Saved entries
○ ○ ○ ○
lemma clause_layer_apply: "apply_layer (6 + 8*p) 5 (clause_layer p \<beta>) (X2 p s) = X3 p \<beta> s"
proof (cases "p = 0")
  case True
  then show ?thesis
    by (simp add: apply_layer_attention_only clause_layer_def mha_no_heads X3_def fun_eq_iff)
next
  case False
  let ?d = "6 + 8*p" and ?L = "clause_layer p \<beta>"
  define head where "head = attn_head ?d ?L (X2 p s) 0"
  have key: "(\<Sum>k<?d. X2 p s j k * WK ?L 0 k 0) = seps_upto s j - sep_indicator (s ! j)" for j
  proof -
    have "(\<Sum>k<?d. X2 p s j k * WK ?L 0 k 0) =
          (\<Sum>k<?d. X2 p s j k * (if k = 3 then 1 else 0)) - (\<Sum>k<?d. X2 p s j k * (if k = 2 then 1 else 0))"
      unfolding sum_subtractf[symmetric] by (intro sum.cong) (auto simp: clause_layer_def)
    then show ?thesis by (simp add: sum_mult_indicator X2_simps)
  qed
  have "attn_score ?d ?L (X2 p s) 0 i j = \<beta> * (seps_upto s j - sep_indicator (s ! j))" for i j
  proof -
    have "attn_score ?d ?L (X2 p s) 0 i j =
          (\<beta> * sqrt (real (2*p)) * (\<Sum>k<?d. X2 p s j k * WK ?L 0 k 0)) / sqrt (real (2*p))"
      unfolding attn_score_def using False
      by (subst sum_eq_single[of _ 0]) (auto simp: clause_layer_def sum_mult_indicator X2_simps)
    then show ?thesis using False by (simp add: key)
  qed
  then have head: "head i c = clause_attn p \<beta> s i c" if "c < 2*p" for i c
    using that by (simp add: head_def attn_head_def clause_attn_def clause_layer_def
        sum_mult_indicator X2_simps)
  have "mha ?d 5 ?L (X2 p s) i k = (\<Sum>c<2*p. head i c * WO ?L c k)" for i k
    unfolding head_def by (subst mha_first_head) (auto simp: clause_layer_def)
  also have "\<dots> i k =
      (if 6 + 6*p \<le> k \<and> k < 6 + 8*p then clause_attn p \<beta> s i (k - (6 + 6*p)) else 0)" for i k
  proof (cases "6 + 6*p \<le> k \<and> k < 6 + 8*p")
    case True
    then show ?thesis by (subst sum_eq_single[of _ "k - (6 + 6*p)"]) (auto simp: clause_layer_def head)
  qed (auto simp: clause_layer_def intro!: sum.neutral)
  finally show ?thesis
    by (simp add: apply_layer_attention_only clause_layer_def X3_def fun_eq_iff)
qed

lemma X3_simps:
  "X3 p \<beta> s i 0 = 1" "X3 p \<beta> s i 2 = sep_indicator (s ! i)" "X3 p \<beta> s i 5 = 0"
  "v < p \<Longrightarrow> X3 p \<beta> s i (6 + 2*p + v) = bit_sum s i v"
  "v < p \<Longrightarrow> X3 p \<beta> s i (6 + 3*p + v) = 0"
  "c < 2*p \<Longrightarrow> X3 p \<beta> s i (6 + 6*p + c) = clause_attn p \<beta> s i c"
  by (auto simp: X3_def X2_simps)

lemma lowest_false_layer_apply:
  "apply_layer (6 + 8*p) 5 (lowest_false_layer p) (X3 p \<beta> s) = X4 p \<beta> s"
proof -
  let ?d = "6 + 8*p" and ?L = "lowest_false_layer p"
  define u where "u i r = (\<Sum>q<?d. X3 p \<beta> s i q * W1 ?L q r) + b1 ?L r" for i r
  have u_one: "u i r = 1" if "r < p" for i r
    using that by (simp add: u_def lowest_false_layer_def)
  have u_gate: "u i (p + r) = 1 - real r - bit_sum s i r + (\<Sum>v<r. bit_sum s i v)" if "r < p" for i r
  proof -
    have "(\<Sum>q<?d. X3 p \<beta> s i q * W1 ?L q (p + r)) =
          (\<Sum>q<?d. X3 p \<beta> s i q * (if 6 + 2*p \<le> q \<and> q < 6 + 2*p + r then 1 else 0))
          - (\<Sum>q<?d. X3 p \<beta> s i q * (if q = 6 + 2*p + r then 1 else 0))"
      unfolding sum_subtractf[symmetric] by (intro sum.cong) (auto simp: lowest_false_layer_def)
    also have "\<dots> = (\<Sum>v<r. bit_sum s i v) - bit_sum s i r"
      using that by (simp add: sum_mult_indicator_interval sum_mult_indicator X3_simps)
    finally show ?thesis using that by (simp add: u_def lowest_false_layer_def)
  qed
  have "mlp ?d ?L (X3 p \<beta> s) i k = (\<Sum>r<p. (u i r * max 0 (u i (p + r))) * W2 ?L r k)" for i k
    by (simp add: mlp_def u_def lowest_false_layer_def Let_def)
  also have "\<dots> i k = (\<Sum>r<p. lowest_false_gate s i r * (if k = 6 + 3*p + r then 1 else 0))" for i k
    by (intro sum.cong refl) (simp add: u_one u_gate lowest_false_gate_def lowest_false_layer_def)
  also have "\<dots> i k =
      (if 6 + 3*p \<le> k \<and> k < 6 + 4*p then lowest_false_gate s i (k - (6 + 3*p)) else 0)" for i k
  proof (cases "6 + 3*p \<le> k \<and> k < 6 + 4*p")
    case True
    then show ?thesis by (subst sum_eq_single[of _ "k - (6 + 3*p)"]) auto
  qed (auto intro!: sum.neutral)
  finally show ?thesis
    by (simp add: apply_layer_mlp_only lowest_false_layer_def X4_def fun_eq_iff)
qed

lemma X4_simps:
  "X4 p \<beta> s i 0 = 1" "X4 p \<beta> s i 2 = sep_indicator (s ! i)" "X4 p \<beta> s i 5 = 0"
  "v < p \<Longrightarrow> X4 p \<beta> s i (6 + 2*p + v) = bit_sum s i v"
  "v < p \<Longrightarrow> X4 p \<beta> s i (6 + 3*p + v) = lowest_false_gate s i v"
  "c < 2*p \<Longrightarrow> X4 p \<beta> s i (6 + 6*p + c) = clause_attn p \<beta> s i c"
  by (auto simp: X4_def X3_simps)

lemma check_layer_score:
  "attn_score (6 + 8*p) (check_layer p \<gamma>) (X4 p \<beta> s) 0 i j = - \<gamma> * clause_score p \<beta> s i j"
proof -
  let ?d = "6 + 8*p" and ?L = "check_layer p \<gamma>" and ?g = "\<gamma> * sqrt (real (p + 1))"
  let ?ca = "clause_attn p \<beta> s"
  have query: "(\<Sum>k<?d. X4 p \<beta> s i k * WQ ?L 0 k a) = (if a < p then bit_sum s i a else 1)" for a
    by (cases "a < p") (simp_all add: check_layer_def sum_mult_indicator X4_simps)
  have key_bit: "(\<Sum>k<?d. X4 p \<beta> s j k * WK ?L 0 k a) = - ?g * (?ca j a - ?ca j (p + a))"
    if "a < p" for a
  proof -
    have "(\<Sum>k<?d. X4 p \<beta> s j k * WK ?L 0 k a) =
       - ?g * ((\<Sum>k<?d. X4 p \<beta> s j k * (if k = 6 + 6*p + a then 1 else 0))
               - (\<Sum>k<?d. X4 p \<beta> s j k * (if k = 6 + 6*p + (p + a) then 1 else 0)))"
      unfolding sum_subtractf[symmetric] sum_distrib_left
      using that by (intro sum.cong) (auto simp: check_layer_def)
    then show ?thesis using that by (simp only: sum_mult_indicator X4_simps) simp
  qed
  have key_const: "(\<Sum>k<?d. X4 p \<beta> s j k * WK ?L 0 k p) = - ?g * (\<Sum>v<p. ?ca j (p + v))"
  proof -
    have "(\<Sum>k<?d. X4 p \<beta> s j k * WK ?L 0 k p) =
          - ?g * (\<Sum>k<?d. X4 p \<beta> s j k * (if 6 + 7*p \<le> k \<and> k < 6 + 7*p + p then 1 else 0))"
      unfolding sum_distrib_left by (intro sum.cong) (auto simp: check_layer_def)
    also have "\<dots> = - ?g * (\<Sum>v<p. X4 p \<beta> s j (6 + 7*p + v))"
      by (subst sum_mult_indicator_interval) auto
    also have "\<dots> = - ?g * (\<Sum>v<p. ?ca j (p + v))"
      using X4_simps(6)[of "p + v" p \<beta> s j for v] by (simp add: add.assoc)
    finally show ?thesis .
  qed
  have "attn_score ?d ?L (X4 p \<beta> s) 0 i j =
     (\<Sum>a<p + 1. (if a < p then bit_sum s i a else 1) * (\<Sum>k<?d. X4 p \<beta> s j k * WK ?L 0 k a))
     / sqrt (real (p + 1))"
    unfolding attn_score_def query by (simp add: check_layer_def del: sum.lessThan_Suc)
  also have "\<dots> = ((\<Sum>a<p. bit_sum s i a * (- ?g * (?ca j a - ?ca j (p + a))))
                     + - ?g * (\<Sum>v<p. ?ca j (p + v))) / sqrt (real (p + 1))"
    by (simp add: key_bit key_const)
  also have "\<dots> = - ?g * clause_score p \<beta> s i j / sqrt (real (p + 1))"
    by (simp only: clause_score_def sum_distrib_left mult.left_commute[of "bit_sum s i _"]
        distrib_left)
  finally show ?thesis by simp
qed

lemma check_layer_apply:
  "apply_layer (6 + 8*p) 5 (check_layer p \<gamma>) (X4 p \<beta> s) = X5 p \<beta> \<gamma> s"
proof -
  let ?d = "6 + 8*p" and ?L = "check_layer p \<gamma>"
  have "(\<Sum>k<?d. X4 p \<beta> s j k * WV ?L 0 k 0) = sep_indicator (s ! j)" for j
    by (simp add: check_layer_def sum_mult_indicator X4_simps)
  then have head: "attn_head ?d ?L (X4 p \<beta> s) 0 i 0 = violation p \<beta> \<gamma> s i" for i
    unfolding attn_head_def check_layer_score violation_def by simp
  have "mha ?d 5 ?L (X4 p \<beta> s) i k = (\<Sum>c<p + 1. attn_head ?d ?L (X4 p \<beta> s) 0 i c * WO ?L c k)"
    for i k by (subst mha_first_head) (auto simp: check_layer_def)
  also have "\<dots> i k = (if k = 5 then violation p \<beta> \<gamma> s i else 0)" for i k
    by (subst sum_eq_single[of _ 0]) (auto simp: head, simp_all add: check_layer_def)
  finally show ?thesis
    by (simp add: apply_layer_attention_only check_layer_def X5_def fun_eq_iff)
qed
○ ○ ○ ○
Task instructions
The answer should be an exact copy of the lines from the first line of the data through the line with "define head where" and should contain nothing else.

Finished exercise
lemma clause_layer_apply: "apply_layer (6 + 8*p) 5 (clause_layer p \<beta>) (X2 p s) = X3 p \<beta> s"
proof (cases "p = 0")
  case True
  then show ?thesis
    by (simp add: apply_layer_attention_only clause_layer_def mha_no_heads X3_def fun_eq_iff)
next
  case False
  let ?d = "6 + 8*p" and ?L = "clause_layer p \<beta>"
  define head where "head = attn_head ?d ?L (X2 p s) 0"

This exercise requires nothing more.